[Given entries — start]

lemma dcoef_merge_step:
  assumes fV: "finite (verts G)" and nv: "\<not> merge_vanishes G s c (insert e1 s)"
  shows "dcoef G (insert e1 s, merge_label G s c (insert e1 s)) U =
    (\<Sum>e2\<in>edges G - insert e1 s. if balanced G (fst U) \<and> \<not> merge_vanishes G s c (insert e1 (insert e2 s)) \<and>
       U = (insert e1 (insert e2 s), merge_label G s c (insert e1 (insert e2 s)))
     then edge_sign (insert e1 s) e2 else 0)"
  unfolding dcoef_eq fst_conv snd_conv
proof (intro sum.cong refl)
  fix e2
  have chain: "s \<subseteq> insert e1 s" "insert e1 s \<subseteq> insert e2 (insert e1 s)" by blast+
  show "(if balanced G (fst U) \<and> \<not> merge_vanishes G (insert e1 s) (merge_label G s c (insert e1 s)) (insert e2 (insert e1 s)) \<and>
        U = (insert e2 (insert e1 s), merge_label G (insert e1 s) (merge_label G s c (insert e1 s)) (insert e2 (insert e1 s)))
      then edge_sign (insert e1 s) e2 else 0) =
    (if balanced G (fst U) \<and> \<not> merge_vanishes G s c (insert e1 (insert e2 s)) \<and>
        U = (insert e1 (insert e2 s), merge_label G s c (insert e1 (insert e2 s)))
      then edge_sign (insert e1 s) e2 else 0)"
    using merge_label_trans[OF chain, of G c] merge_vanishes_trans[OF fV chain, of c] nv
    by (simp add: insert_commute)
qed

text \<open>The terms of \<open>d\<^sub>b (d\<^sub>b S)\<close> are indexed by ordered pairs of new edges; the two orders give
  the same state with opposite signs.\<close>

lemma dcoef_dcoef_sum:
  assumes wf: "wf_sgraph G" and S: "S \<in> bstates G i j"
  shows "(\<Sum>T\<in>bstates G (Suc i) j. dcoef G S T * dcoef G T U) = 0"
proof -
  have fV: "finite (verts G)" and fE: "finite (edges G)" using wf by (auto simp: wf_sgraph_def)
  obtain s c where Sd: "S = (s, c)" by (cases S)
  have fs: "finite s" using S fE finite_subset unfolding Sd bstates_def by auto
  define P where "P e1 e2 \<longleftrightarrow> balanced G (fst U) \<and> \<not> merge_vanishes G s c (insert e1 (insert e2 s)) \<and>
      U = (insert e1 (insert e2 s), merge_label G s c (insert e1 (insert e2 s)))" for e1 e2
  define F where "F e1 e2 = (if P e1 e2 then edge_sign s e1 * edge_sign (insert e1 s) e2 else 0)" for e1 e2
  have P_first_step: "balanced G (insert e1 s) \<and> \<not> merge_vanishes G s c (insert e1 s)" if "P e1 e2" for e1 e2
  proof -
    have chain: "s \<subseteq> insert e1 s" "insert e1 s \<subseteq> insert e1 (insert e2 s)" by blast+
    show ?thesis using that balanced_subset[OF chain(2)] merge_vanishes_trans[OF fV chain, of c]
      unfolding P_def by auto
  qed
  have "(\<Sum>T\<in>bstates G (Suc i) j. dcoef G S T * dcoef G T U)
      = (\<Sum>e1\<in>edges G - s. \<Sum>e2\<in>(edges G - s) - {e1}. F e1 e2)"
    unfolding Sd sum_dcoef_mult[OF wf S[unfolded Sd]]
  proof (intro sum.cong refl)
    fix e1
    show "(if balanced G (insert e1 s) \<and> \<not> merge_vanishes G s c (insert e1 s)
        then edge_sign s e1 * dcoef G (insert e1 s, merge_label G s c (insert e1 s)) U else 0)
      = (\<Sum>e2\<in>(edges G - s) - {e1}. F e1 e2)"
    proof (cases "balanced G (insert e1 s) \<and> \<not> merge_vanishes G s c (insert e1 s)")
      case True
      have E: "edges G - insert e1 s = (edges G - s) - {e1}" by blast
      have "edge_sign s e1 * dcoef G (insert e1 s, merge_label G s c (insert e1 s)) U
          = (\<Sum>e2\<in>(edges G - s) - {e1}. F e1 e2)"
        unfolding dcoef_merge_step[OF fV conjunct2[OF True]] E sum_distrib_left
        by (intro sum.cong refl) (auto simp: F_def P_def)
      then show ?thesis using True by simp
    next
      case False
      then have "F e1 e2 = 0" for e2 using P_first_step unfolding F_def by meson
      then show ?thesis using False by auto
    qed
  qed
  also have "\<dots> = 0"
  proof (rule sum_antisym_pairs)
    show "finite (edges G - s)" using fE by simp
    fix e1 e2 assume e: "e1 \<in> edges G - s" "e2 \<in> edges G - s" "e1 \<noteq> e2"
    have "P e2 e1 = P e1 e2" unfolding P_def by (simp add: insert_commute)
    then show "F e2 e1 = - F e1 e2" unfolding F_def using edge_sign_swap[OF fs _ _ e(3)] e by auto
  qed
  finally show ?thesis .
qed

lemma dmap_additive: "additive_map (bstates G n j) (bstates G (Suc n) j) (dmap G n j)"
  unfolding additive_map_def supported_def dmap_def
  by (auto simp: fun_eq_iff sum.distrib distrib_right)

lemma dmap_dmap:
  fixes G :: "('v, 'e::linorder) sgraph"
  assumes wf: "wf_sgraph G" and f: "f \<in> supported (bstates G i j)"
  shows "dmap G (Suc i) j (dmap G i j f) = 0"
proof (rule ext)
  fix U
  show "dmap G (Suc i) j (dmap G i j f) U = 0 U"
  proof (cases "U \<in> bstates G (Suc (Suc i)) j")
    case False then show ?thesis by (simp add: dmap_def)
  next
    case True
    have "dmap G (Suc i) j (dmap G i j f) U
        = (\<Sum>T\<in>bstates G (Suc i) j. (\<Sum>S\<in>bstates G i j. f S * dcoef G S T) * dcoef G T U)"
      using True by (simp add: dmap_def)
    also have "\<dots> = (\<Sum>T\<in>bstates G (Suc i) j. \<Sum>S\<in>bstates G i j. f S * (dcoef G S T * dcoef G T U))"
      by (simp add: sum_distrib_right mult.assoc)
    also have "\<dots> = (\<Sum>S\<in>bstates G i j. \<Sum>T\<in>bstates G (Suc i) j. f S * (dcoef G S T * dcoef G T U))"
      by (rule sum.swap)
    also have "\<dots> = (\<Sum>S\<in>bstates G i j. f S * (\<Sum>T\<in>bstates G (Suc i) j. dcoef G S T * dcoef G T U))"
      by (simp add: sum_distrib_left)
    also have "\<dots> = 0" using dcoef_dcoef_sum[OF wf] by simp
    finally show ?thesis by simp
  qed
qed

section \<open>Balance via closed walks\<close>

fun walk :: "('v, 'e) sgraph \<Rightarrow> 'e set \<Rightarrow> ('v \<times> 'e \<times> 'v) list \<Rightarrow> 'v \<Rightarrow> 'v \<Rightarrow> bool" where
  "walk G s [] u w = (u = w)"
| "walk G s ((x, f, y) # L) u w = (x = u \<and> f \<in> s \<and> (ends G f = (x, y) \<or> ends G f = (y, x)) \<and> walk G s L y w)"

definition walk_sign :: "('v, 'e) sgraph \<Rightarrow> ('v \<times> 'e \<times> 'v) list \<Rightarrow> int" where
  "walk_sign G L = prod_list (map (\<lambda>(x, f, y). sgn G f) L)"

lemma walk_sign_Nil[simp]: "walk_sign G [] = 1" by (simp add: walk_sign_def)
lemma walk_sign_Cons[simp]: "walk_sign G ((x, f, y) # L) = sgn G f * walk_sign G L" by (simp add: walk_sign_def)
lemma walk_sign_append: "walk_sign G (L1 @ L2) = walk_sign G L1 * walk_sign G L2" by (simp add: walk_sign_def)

[Given entries — finish]
[Given entries — start]

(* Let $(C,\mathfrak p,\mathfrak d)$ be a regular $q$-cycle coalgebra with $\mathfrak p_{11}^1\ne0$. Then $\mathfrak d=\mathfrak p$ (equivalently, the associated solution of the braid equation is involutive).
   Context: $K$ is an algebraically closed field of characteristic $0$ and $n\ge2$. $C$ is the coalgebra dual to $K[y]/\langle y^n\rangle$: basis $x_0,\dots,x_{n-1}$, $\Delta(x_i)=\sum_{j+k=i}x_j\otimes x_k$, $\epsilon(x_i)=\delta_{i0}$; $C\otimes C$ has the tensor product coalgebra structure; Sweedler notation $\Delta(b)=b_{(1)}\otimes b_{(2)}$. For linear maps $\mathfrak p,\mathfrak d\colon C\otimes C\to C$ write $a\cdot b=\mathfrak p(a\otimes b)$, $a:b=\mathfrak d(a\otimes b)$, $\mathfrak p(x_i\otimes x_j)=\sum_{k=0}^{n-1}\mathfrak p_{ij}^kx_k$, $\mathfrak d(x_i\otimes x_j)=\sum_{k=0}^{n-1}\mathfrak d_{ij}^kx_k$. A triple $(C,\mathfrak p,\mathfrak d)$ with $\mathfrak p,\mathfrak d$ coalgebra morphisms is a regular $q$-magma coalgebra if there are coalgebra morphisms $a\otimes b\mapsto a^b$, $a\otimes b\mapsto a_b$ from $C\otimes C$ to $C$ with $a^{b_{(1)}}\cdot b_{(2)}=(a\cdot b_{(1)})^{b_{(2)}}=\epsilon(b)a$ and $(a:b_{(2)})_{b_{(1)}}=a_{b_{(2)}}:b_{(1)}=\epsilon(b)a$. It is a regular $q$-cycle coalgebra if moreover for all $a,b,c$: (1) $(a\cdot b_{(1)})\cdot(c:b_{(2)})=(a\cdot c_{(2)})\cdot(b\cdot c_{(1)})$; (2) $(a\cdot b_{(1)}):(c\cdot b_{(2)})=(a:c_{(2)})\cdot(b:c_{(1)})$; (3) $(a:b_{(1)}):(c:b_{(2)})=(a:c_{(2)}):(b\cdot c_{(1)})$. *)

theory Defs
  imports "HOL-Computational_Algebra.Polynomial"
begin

[Given entries — finish]

**Task statement:** Nothing should appear in the answer except the lines above from the line with "(if balanced G (fst U) \<and> \<not> merge_vanishes G s" through the line with "define P where", both included, written out exactly.

**Problem solution:**
    (if balanced G (fst U) \<and> \<not> merge_vanishes G s c (insert e1 (insert e2 s)) \<and>
        U = (insert e1 (insert e2 s), merge_label G s c (insert e1 (insert e2 s)))
      then edge_sign (insert e1 s) e2 else 0)"
    using merge_label_trans[OF chain, of G c] merge_vanishes_trans[OF fV chain, of c] nv
    by (simp add: insert_commute)
qed

text \<open>The terms of \<open>d\<^sub>b (d\<^sub>b S)\<close> are indexed by ordered pairs of new edges; the two orders give
  the same state with opposite signs.\<close>

lemma dcoef_dcoef_sum:
  assumes wf: "wf_sgraph G" and S: "S \<in> bstates G i j"
  shows "(\<Sum>T\<in>bstates G (Suc i) j. dcoef G S T * dcoef G T U) = 0"
proof -
  have fV: "finite (verts G)" and fE: "finite (edges G)" using wf by (auto simp: wf_sgraph_def)
  obtain s c where Sd: "S = (s, c)" by (cases S)
  have fs: "finite s" using S fE finite_subset unfolding Sd bstates_def by auto
  define P where "P e1 e2 \<longleftrightarrow> balanced G (fst U) \<and> \<not> merge_vanishes G s c (insert e1 (insert e2 s)) \<and>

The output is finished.